- TASK STATEMENT -
Only the lines below starting at the one containing "text \<open>Multilinear extension" and ending at the one containing "prod_list (map2 (\<lambda>p" belong in the answer, each copied exactly.

Saved entries
____________________
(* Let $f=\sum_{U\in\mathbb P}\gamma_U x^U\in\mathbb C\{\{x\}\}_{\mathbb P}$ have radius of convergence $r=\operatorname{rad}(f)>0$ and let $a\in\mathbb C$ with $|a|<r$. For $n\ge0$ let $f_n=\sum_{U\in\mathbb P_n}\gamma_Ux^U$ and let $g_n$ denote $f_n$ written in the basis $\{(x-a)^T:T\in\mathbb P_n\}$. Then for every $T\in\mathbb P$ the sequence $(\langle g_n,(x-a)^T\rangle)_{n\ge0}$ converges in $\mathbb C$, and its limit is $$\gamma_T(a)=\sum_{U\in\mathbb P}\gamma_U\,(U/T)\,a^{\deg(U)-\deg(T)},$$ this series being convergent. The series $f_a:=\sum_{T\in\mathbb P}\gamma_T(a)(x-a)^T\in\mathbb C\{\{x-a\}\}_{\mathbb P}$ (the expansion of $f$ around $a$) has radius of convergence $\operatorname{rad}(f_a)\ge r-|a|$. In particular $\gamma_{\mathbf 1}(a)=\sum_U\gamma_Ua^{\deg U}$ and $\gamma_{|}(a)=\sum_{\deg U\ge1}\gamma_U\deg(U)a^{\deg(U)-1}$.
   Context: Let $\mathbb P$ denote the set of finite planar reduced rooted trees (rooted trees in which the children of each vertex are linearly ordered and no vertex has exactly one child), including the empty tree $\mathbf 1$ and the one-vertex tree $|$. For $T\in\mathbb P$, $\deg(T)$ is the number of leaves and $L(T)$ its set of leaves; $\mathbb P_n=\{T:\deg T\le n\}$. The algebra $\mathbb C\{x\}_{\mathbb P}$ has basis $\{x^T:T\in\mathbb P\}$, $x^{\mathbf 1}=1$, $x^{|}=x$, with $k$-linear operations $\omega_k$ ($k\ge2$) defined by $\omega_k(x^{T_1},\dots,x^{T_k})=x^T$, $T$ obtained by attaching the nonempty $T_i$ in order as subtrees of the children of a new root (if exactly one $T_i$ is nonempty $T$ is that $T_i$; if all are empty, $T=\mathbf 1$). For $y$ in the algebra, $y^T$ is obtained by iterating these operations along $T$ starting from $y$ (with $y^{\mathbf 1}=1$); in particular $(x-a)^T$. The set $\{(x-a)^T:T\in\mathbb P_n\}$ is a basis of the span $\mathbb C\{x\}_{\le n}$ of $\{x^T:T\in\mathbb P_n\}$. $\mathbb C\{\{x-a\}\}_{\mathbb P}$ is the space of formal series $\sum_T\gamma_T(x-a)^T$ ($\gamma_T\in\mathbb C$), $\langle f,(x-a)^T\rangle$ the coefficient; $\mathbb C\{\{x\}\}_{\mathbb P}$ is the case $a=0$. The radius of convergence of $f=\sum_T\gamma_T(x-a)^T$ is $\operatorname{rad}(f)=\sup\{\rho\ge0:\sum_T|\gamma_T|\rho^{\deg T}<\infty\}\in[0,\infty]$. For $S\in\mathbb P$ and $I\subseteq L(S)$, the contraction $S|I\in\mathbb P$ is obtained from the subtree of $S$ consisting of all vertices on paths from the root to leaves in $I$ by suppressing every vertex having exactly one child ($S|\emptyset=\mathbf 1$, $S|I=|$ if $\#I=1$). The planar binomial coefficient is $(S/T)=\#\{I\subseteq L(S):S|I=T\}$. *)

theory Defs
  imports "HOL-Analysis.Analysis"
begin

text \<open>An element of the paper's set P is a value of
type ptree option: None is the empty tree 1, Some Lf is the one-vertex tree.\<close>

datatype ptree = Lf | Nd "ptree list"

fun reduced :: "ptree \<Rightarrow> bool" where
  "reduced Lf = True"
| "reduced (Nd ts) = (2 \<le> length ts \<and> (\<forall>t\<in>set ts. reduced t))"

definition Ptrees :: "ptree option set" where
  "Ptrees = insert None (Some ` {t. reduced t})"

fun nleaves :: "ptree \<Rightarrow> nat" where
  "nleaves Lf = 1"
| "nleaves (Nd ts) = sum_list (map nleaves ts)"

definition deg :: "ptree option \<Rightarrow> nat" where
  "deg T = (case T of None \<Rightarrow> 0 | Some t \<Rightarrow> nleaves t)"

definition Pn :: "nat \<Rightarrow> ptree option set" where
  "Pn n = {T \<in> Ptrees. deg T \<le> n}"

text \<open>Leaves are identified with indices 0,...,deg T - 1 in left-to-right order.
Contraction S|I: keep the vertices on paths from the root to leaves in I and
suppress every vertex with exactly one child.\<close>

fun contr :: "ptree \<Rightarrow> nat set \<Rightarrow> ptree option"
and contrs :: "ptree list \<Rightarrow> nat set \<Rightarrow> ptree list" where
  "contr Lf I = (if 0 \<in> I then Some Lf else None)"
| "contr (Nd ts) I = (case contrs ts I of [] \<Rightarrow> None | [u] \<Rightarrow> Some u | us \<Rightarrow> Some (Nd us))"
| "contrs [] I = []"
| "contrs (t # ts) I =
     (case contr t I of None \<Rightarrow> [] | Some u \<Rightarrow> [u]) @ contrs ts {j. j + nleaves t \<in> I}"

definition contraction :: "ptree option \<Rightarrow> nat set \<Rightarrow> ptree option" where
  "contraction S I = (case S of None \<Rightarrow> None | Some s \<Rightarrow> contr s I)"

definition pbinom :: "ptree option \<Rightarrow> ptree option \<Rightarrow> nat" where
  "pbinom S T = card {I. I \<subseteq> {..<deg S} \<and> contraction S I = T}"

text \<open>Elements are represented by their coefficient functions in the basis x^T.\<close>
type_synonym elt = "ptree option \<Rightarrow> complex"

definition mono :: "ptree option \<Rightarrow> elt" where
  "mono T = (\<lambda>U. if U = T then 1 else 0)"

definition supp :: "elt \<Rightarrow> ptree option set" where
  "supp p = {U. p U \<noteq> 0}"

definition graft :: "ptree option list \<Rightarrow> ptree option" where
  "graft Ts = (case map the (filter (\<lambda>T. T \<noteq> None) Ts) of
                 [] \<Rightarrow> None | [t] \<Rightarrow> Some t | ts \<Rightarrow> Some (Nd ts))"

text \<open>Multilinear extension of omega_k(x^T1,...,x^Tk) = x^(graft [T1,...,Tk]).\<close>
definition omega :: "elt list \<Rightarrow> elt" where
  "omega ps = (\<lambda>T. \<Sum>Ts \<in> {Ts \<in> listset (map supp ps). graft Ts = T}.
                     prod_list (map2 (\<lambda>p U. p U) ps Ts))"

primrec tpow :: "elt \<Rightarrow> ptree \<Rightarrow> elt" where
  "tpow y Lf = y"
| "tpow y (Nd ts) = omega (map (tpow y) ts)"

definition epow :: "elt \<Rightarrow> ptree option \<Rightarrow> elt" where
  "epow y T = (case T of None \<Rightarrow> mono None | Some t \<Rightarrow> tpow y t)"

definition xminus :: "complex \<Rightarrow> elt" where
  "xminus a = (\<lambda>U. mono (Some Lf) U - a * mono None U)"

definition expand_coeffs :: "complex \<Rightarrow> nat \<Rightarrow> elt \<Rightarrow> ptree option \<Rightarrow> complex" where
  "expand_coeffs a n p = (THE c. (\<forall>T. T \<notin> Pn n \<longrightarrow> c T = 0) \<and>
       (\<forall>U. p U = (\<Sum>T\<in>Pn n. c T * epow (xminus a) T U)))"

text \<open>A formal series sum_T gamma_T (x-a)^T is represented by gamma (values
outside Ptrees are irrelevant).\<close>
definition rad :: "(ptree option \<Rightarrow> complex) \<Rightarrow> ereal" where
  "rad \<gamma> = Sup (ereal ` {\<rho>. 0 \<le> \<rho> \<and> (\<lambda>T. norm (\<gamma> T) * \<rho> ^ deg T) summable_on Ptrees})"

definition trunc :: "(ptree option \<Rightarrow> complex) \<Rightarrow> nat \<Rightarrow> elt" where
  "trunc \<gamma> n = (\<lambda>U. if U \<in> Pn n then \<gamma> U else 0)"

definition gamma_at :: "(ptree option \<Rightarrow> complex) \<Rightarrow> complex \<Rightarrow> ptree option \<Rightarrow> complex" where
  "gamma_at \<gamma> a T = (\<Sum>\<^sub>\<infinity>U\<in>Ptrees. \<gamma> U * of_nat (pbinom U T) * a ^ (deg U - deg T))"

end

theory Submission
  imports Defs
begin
____________________
- TASK RESULT -
text \<open>Multilinear extension of omega_k(x^T1,...,x^Tk) = x^(graft [T1,...,Tk]).\<close>
definition omega :: "elt list \<Rightarrow> elt" where
  "omega ps = (\<lambda>T. \<Sum>Ts \<in> {Ts \<in> listset (map supp ps). graft Ts = T}.
                     prod_list (map2 (\<lambda>p U. p U) ps Ts))"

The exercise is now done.